Help Needed For Cliff's Cleft Palate

Ever seen a dog with a cleft palate? Probably not, and there's good reason. Almost all die as puppies. Cliff has beaten huge odds and surgery will ensure his survival.

Cliff is a beautiful, beefy pit bull mix who loves to go on runs, has never met a stranger, adores cats and if your lap is empty he considers it a place he'd like to sit.

He's very much like millions of other dogs in neighborhoods, homes and shelters the world over. Except he's not.

Cliff is a very rare canine. He's an adult dog with a cleft palate.

Far from being a simple cosmetic issue, when a dog is born with a cleft palate it's usually a death sentence. They are not able to feed normally from their mother because they are not able to latch on and create the suction needed to nurse. Imagine trying to drink through a straw without being able to close your mouth around it.

Even if they do manage to feed or are fed by tube, liquid will often leak into their sinuses or lungs and can cause pneumonia.

Without human intervention a puppy with a cleft palate will usually die a horrible death within days, purely from starvation.

Because of this, some vets recommend euthanasia for pups born with this genetic deformity.

Cliff is between one and two years old. No one knows how he survived this long.

He was first brought to the attention of authorities early this year when he was found starving and tied to a tree on a neglected property. No one could tell if anyone lived on the property and no owner was ever found.

LifeLine Animal Project was called in to see if they would be willing to help Cliff. There was no other ready place to take a homeless dog so weak, neglected and with a such a serious physical problem.

Gene Stamey, director of LifeLine's Dog House, immediately admitted Cliff into the Avondale Estate's shelter and staff and vets set about trying to help him.

Cliff got lucky. He got better at LifeLine and he soon became a part of their after-school program for high school students.

His lucky streak didn't end there. For three months now Cliff has been living the good life. He's active and happy in a foster home with Decatur residents Matt and Cassy Gayman. He goes on daily runs with them. He has his own bed and toys.

"He's a goofy boy who is part of our family, along with our five cats. He's really good with them," says Matt Gayman.

"He thinks he's a lap dog," he adds with a laugh.

Cliff now has everything any pet could want - food, security, love and a family who wants to adopt him. 

However, time is not on his side.

Cliff survived being born with a cleft palate. He survived being tied to a tree and abandoned. But he's now starting to develop the health problems that happen when a cleft palate remains un-fixed. Studies say he will likely develop gum and/or heart disease if his condition isn't remedied. Without needed surgery the prognosis for a long life for this so-far sturdy survivor isn't great.

Georgia Veterinary Specialists has doctors and the expertise to surgically close Cliff's palate and provide this young dog with the ability to eat and live normally for the first time in his life.

The cost of the surgery is $2,300. Neither LifeLine nor Cliff's foster family have the ability to pay the lump sum and the cost of his aftercare without some help.

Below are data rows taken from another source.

lemma sector_twice_margin_le_opposite_sides:
  assumes \<theta>: "pi < \<theta>" "\<theta> < 2 * pi" and "0 < r" "0 < \<rho>"
    and "0 < \<phi>" "\<phi> < \<theta>" "0 < \<psi>" "\<psi> < \<theta>"
    and "Im (rcis r \<phi>) * Im (rcis \<rho> \<psi>) < 0" "0 < cos \<phi> + cos \<psi>" "0 \<le> m"
    and "m \<le> infdist (rcis r \<phi>) (sector_rays \<theta>)" "m \<le> infdist (rcis \<rho> \<psi>) (sector_rays \<theta>)"
  shows "2 * m \<le> (2 * sin (\<theta> / 4) - 1) * cmod (rcis r \<phi> - rcis \<rho> \<psi>)"
proof -
  have lower: "pi < a" if "sin a < 0" "0 < a" for a
    using that sin_ge_zero[of a] by (cases "a \<le> pi") auto
  have upper: "a < pi" if "0 < sin a" "0 < a" "a < \<theta>" for a
    using that sin_gt_zero_iff[of a] \<theta> by auto
  have "r * \<rho> * (sin \<phi> * sin \<psi>) < 0" using assms by (simp add: ac_simps)
  then have "sin \<phi> * sin \<psi> < 0" using assms by (simp add: mult_less_0_iff)
  then consider "sin \<phi> < 0" "0 < sin \<psi>" | "0 < sin \<phi>" "sin \<psi> < 0" by (auto simp: mult_less_0_iff)
  then show ?thesis
  proof cases
    case 1
    then show ?thesis using assms lower upper by (intro sector_twice_margin_le_across_real_ray) auto
  next
    case 2
    then have "2 * m \<le> (2 * sin (\<theta> / 4) - 1) * cmod (rcis \<rho> \<psi> - rcis r \<phi>)"
      using assms lower upper
      by (intro sector_twice_margin_le_across_real_ray) (auto simp: add.commute)
    then show ?thesis by (simp add: norm_minus_commute)
  qed
qed

lemma cross_term_le_of_cos_add_pos:
  assumes "0 < r" "0 < \<rho>" "0 \<le> cos \<phi>" "0 < cos \<phi> + cos \<psi>"
  shows "max 0 (- Re (rcis \<rho> \<psi>)) * \<bar>Im (rcis r \<phi>)\<bar> \<le> Re (rcis r \<phi>) * \<bar>Im (rcis \<rho> \<psi>)\<bar>"
proof (cases "0 \<le> cos \<psi>")
  case True
  then show ?thesis using assms by simp
next
  case False
  have "\<bar>cos \<psi>\<bar> \<le> \<bar>cos \<phi>\<bar>" using False assms by simp
  then have "\<bar>sin \<phi>\<bar> \<le> \<bar>sin \<psi>\<bar>" by (simp add: abs_le_square_iff sin_squared_eq)
  then have "- cos \<psi> * \<bar>sin \<phi>\<bar> \<le> cos \<phi> * \<bar>sin \<psi>\<bar>" using False assms by (intro mult_mono) auto
  then have "\<rho> * r * (- cos \<psi> * \<bar>sin \<phi>\<bar>) \<le> \<rho> * r * (cos \<phi> * \<bar>sin \<psi>\<bar>)"
    using assms by (intro mult_left_mono) auto
  then show ?thesis using False assms by (simp add: abs_mult max_def mult_le_0_iff algebra_simps)
qed

lemma sector_margin_le_norm_conj:
  assumes \<theta>: "pi < \<theta>" "\<theta> < 2 * pi" and "0 < r" "0 < \<rho>"
    and "0 \<le> Im (rcis r \<phi>) * Im (rcis \<rho> \<psi>)" "0 < cos \<phi> + cos \<psi>" "0 \<le> m"
    and "m \<le> infdist (rcis r \<phi>) (sector_rays \<theta>)" "m \<le> infdist (rcis \<rho> \<psi>) (sector_rays \<theta>)"
  shows "cmod (rcis r \<phi> - rcis \<rho> \<psi>) + 2 * m \<le> 2 * sin (\<theta> / 4) * cmod (rcis r \<phi> - cnj (rcis \<rho> \<psi>))"
proof -
  have right_half: "cmod (x - y) + 2 * m \<le> 2 * sin (\<theta> / 4) * cmod (x - cnj y)"
    if "0 \<le> Im x * Im y" "0 \<le> Re x" "max 0 (- Re y) * \<bar>Im x\<bar> \<le> Re x * \<bar>Im y\<bar>"
      and "m \<le> infdist x (sector_rays \<theta>)" "m \<le> infdist y (sector_rays \<theta>)" for x y
  proof -
    have "m \<le> \<bar>Im x\<bar>" using that infdist_sector_rays_le[of x \<theta>] by simp
    moreover have "m \<le> \<bar>Im y\<bar> + max 0 (- Re y) * cmod (1 + cis \<theta>)"
      using that infdist_sector_rays_le[of y \<theta>] by simp
    ultimately show ?thesis
      using that assms two_sin_quarter_sq[OF \<theta>] two_sin_quarter_gt_one[OF \<theta>]
      by (intro norm_diff_add_margin_le_conj[where c = "cmod (1 + cis \<theta>)"]) auto
  qed
  show ?thesis
  proof (cases "0 \<le> cos \<phi>")
    case True
    then show ?thesis
      using assms cross_term_le_of_cos_add_pos[of r \<rho> \<phi> \<psi>] by (intro right_half) auto
  next
    case False
    then have "0 \<le> cos \<psi>" using assms by simp
    then have "cmod (rcis \<rho> \<psi> - rcis r \<phi>) + 2 * m \<le>
               2 * sin (\<theta> / 4) * cmod (rcis \<rho> \<psi> - cnj (rcis r \<phi>))"
      using assms cross_term_le_of_cos_add_pos[of \<rho> r \<psi> \<phi>]
      by (intro right_half) (auto simp: mult.commute add.commute)
    moreover have "cmod (rcis \<rho> \<psi> - cnj (rcis r \<phi>)) = cmod (rcis r \<phi> - cnj (rcis \<rho> \<psi>))"
      by (metis complex_cnj_cnj complex_cnj_diff complex_mod_cnj norm_minus_commute)
    ultimately show ?thesis by (simp add: norm_minus_commute)
  qed
qed

lemma sector_margin_le_real_ray:
  assumes \<theta>: "pi < \<theta>" "\<theta> < 2 * pi" and "0 < r" "0 < \<rho>"
    and "0 < \<phi>" "\<phi> < \<theta>" "0 < \<psi>" "\<psi> < \<theta>" "0 \<le> t" "0 \<le> m"
    and "m \<le> infdist (rcis r \<phi>) (sector_rays \<theta>)" "m \<le> infdist (rcis \<rho> \<psi>) (sector_rays \<theta>)"
  shows "cmod (rcis r \<phi> - rcis \<rho> \<psi>) + 2 * m \<le>
         2 * sin (\<theta> / 4) * (cmod (rcis r \<phi> - of_real t) + cmod (of_real t - rcis \<rho> \<psi>))"
    (is "?d + 2 * m \<le> ?k * ?D")
proof -
  have k: "1 < ?k" using two_sin_quarter_gt_one[OF \<theta>] .
  consider "cos \<phi> + cos \<psi> \<le> 0"
    | "0 < cos \<phi> + cos \<psi>" "0 \<le> Im (rcis r \<phi>) * Im (rcis \<rho> \<psi>)"
    | "0 < cos \<phi> + cos \<psi>" "Im (rcis r \<phi>) * Im (rcis \<rho> \<psi>) < 0"
    by linarith
  then show ?thesis
  proof cases
    case 1
    then have "?k * (r + \<rho>) \<le> ?k * ?D"
      using k assms radii_sum_le_dist_sum by (intro mult_left_mono) auto
    moreover have "?d + 2 * m \<le> ?k * (r + \<rho>)" using assms by (intro sector_margin_le_norm_add) auto
    ultimately show ?thesis by linarith
  next
    case 2
    have "?k * cmod (rcis r \<phi> - cnj (rcis \<rho> \<psi>)) \<le> ?k * ?D"
      using k norm_diff_cnj_le_dist_sum by (intro mult_left_mono) auto
    moreover have "?d + 2 * m \<le> ?k * cmod (rcis r \<phi> - cnj (rcis \<rho> \<psi>))"
      using 2 assms by (intro sector_margin_le_norm_conj) auto
    ultimately show ?thesis by linarith
  next
    case 3
    then have "2 * m \<le> (?k - 1) * ?d"
      using assms by (intro sector_twice_margin_le_opposite_sides) auto
    then have "?d + 2 * m \<le> ?k * ?d" by (simp add: algebra_simps)
    also have "\<dots> \<le> ?k * ?D"
      using k norm_triangle_ineq[of "rcis r \<phi> - of_real t" "of_real t - rcis \<rho> \<psi>"]
      by (intro mult_left_mono) auto
    finally show ?thesis .
  qed
qed

lemma sector_margin_le:
  assumes \<theta>: "pi < \<theta>" "\<theta> < 2 * pi"
    and "x \<in> sector \<theta>" "y \<in> sector \<theta>" "z \<in> sector_rays \<theta>"
  shows "cmod (x - y) + 2 * min (infdist x (sector_rays \<theta>)) (infdist y (sector_rays \<theta>))
         \<le> 2 * sin (\<theta> / 4) * (cmod (x - z) + cmod (z - y))"
proof -
  define m where "m = min (infdist x (sector_rays \<theta>)) (infdist y (sector_rays \<theta>))"
  have m: "0 \<le> m" "m \<le> infdist x (sector_rays \<theta>)" "m \<le> infdist y (sector_rays \<theta>)"
    by (auto simp: m_def infdist_nonneg)
  obtain r \<phi> \<rho> \<psi> where x: "0 < r" "0 < \<phi>" "\<phi> < \<theta>" "x = rcis r \<phi>"
    and y: "0 < \<rho>" "0 < \<psi>" "\<psi> < \<theta>" "y = rcis \<rho> \<psi>"
    using assms mem_sector_iff_rcis[of \<theta>] by (metis less_imp_le)
  obtain t where t: "0 \<le> t" "z = of_real t \<or> z = sector_reflect \<theta> (of_real t)"
    using assms(5) by (auto simp: sector_rays_def)
  have mx: "m \<le> infdist (rcis r \<phi>) (sector_rays \<theta>)" and my: "m \<le> infdist (rcis \<rho> \<psi>) (sector_rays \<theta>)"
    using m x(4) y(4) by simp_all
  show ?thesis
  proof (cases "z = of_real t")
    case True
    then show ?thesis
      using sector_margin_le_real_ray[OF \<theta> x(1) y(1) x(2,3) y(2,3) t(1) m(1) mx my] x(4) y(4)
      by (simp add: m_def)
  next
    case False
    then have z: "sector_reflect \<theta> z = of_real t" using t by auto
    have "cmod (rcis r (\<theta> - \<phi>) - rcis \<rho> (\<theta> - \<psi>)) + 2 * m \<le>
          2 * sin (\<theta> / 4) * (cmod (rcis r (\<theta> - \<phi>) - of_real t) + cmod (of_real t - rcis \<rho> (\<theta> - \<psi>)))"
      using m x y t(1) infdist_sector_reflect[of \<theta> x] infdist_sector_reflect[of \<theta> y]
      by (intro sector_margin_le_real_ray[OF \<theta>]) auto
    then show ?thesis
      using norm_sector_reflect_diff[of \<theta> x y] norm_sector_reflect_diff[of \<theta> x z]
        norm_sector_reflect_diff[of \<theta> z y]
      by (simp add: x(4) y(4) z m_def)
  qed
qed

section \<open>The triangular ratio metric and the \<open>j*\<close>-metric\<close>

lemma bdist_eq_infdist: "frontier G \<noteq> {} \<Longrightarrow> bdist G x = infdist x (frontier G)"
  by (simp add: bdist_def infdist_notempty dist_norm)

lemma bdist_sector:
  assumes "pi < \<theta>" "\<theta> < 2 * pi"
  shows "bdist (sector \<theta>) z = infdist z (sector_rays \<theta>)"
  using bdist_eq_infdist[of "sector \<theta>" z] frontier_sector[OF assms] by auto

lemma jstar_metric_nonneg: "frontier G \<noteq> {} \<Longrightarrow> 0 \<le> jstar_metric G x y"
  by (simp add: jstar_metric_def bdist_eq_infdist infdist_nonneg)

lemma s_metric_le_jstar_metric:
  assumes "frontier G \<noteq> {}" "0 < k"
    and margin: "\<And>z. z \<in> frontier G \<Longrightarrow>
      cmod (x - y) + 2 * min (bdist G x) (bdist G y) \<le> k * (cmod (x - z) + cmod (z - y))"
  shows "s_metric G x y \<le> k * jstar_metric G x y"
proof (cases "x = y")
  case True
  then show ?thesis by (simp add: s_metric_def jstar_metric_def)
next
  case False
  define d m I where "d = cmod (x - y)" and "m = min (bdist G x) (bdist G y)"
    and "I = Inf ((\<lambda>z. cmod (x - z) + cmod (z - y)) ` frontier G)"
  have d: "0 < d" using False by (simp add: d_def)
  have m: "0 \<le> m" using assms(1) by (simp add: m_def bdist_eq_infdist infdist_nonneg)
  have "(d + 2 * m) / k \<le> I"
    unfolding I_def using assms
    by (intro cInf_greatest) (auto simp: d_def m_def pos_divide_le_eq mult.commute)
  moreover have "0 < (d + 2 * m) / k" using d m assms by simp
  ultimately have "0 < I * ((d + 2 * m) / k)" by (intro mult_pos_pos) linarith+
  then have "d / I \<le> d / ((d + 2 * m) / k)"
    using \<open>(d + 2 * m) / k \<le> I\<close> d by (intro divide_left_mono) auto
  then show ?thesis by (simp add: s_metric_def jstar_metric_def d_def m_def I_def ac_simps)
qed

LifeLine cares for over 60 dogs in their Dog House currently and many of them have special needs.

LifeLine is asking the public for donations toward's Cliff's surgery. If they can raise the amount needed, he can get surgery within a month and be well on his way to a successful recovery and more of the happy new life he's tasted thus far.

LifeLine and the Gayman's are asking anyone who wants to help Cliff to please donate by going to LifeLine's web page and click the "Give Life Support" box in the upper right hand corner. When donating, make a note that the funds are for Cliff's surgery.

Donations can also be mailed to: A New Life For Cliff, LifeLine Animal Project, PO Box 15466, Atlanta, GA 30333.

The Gaymans are hoping that animal lovers and pet parents who know what it is to deeply love a family dog or cat will help them in their quest to save Cliff.

"He's young and amazing. There's only this one thing that really needs fixing," says Gayman.

"We are best friends," he says of the rescued dog who is just one surgical step from his happily ever after.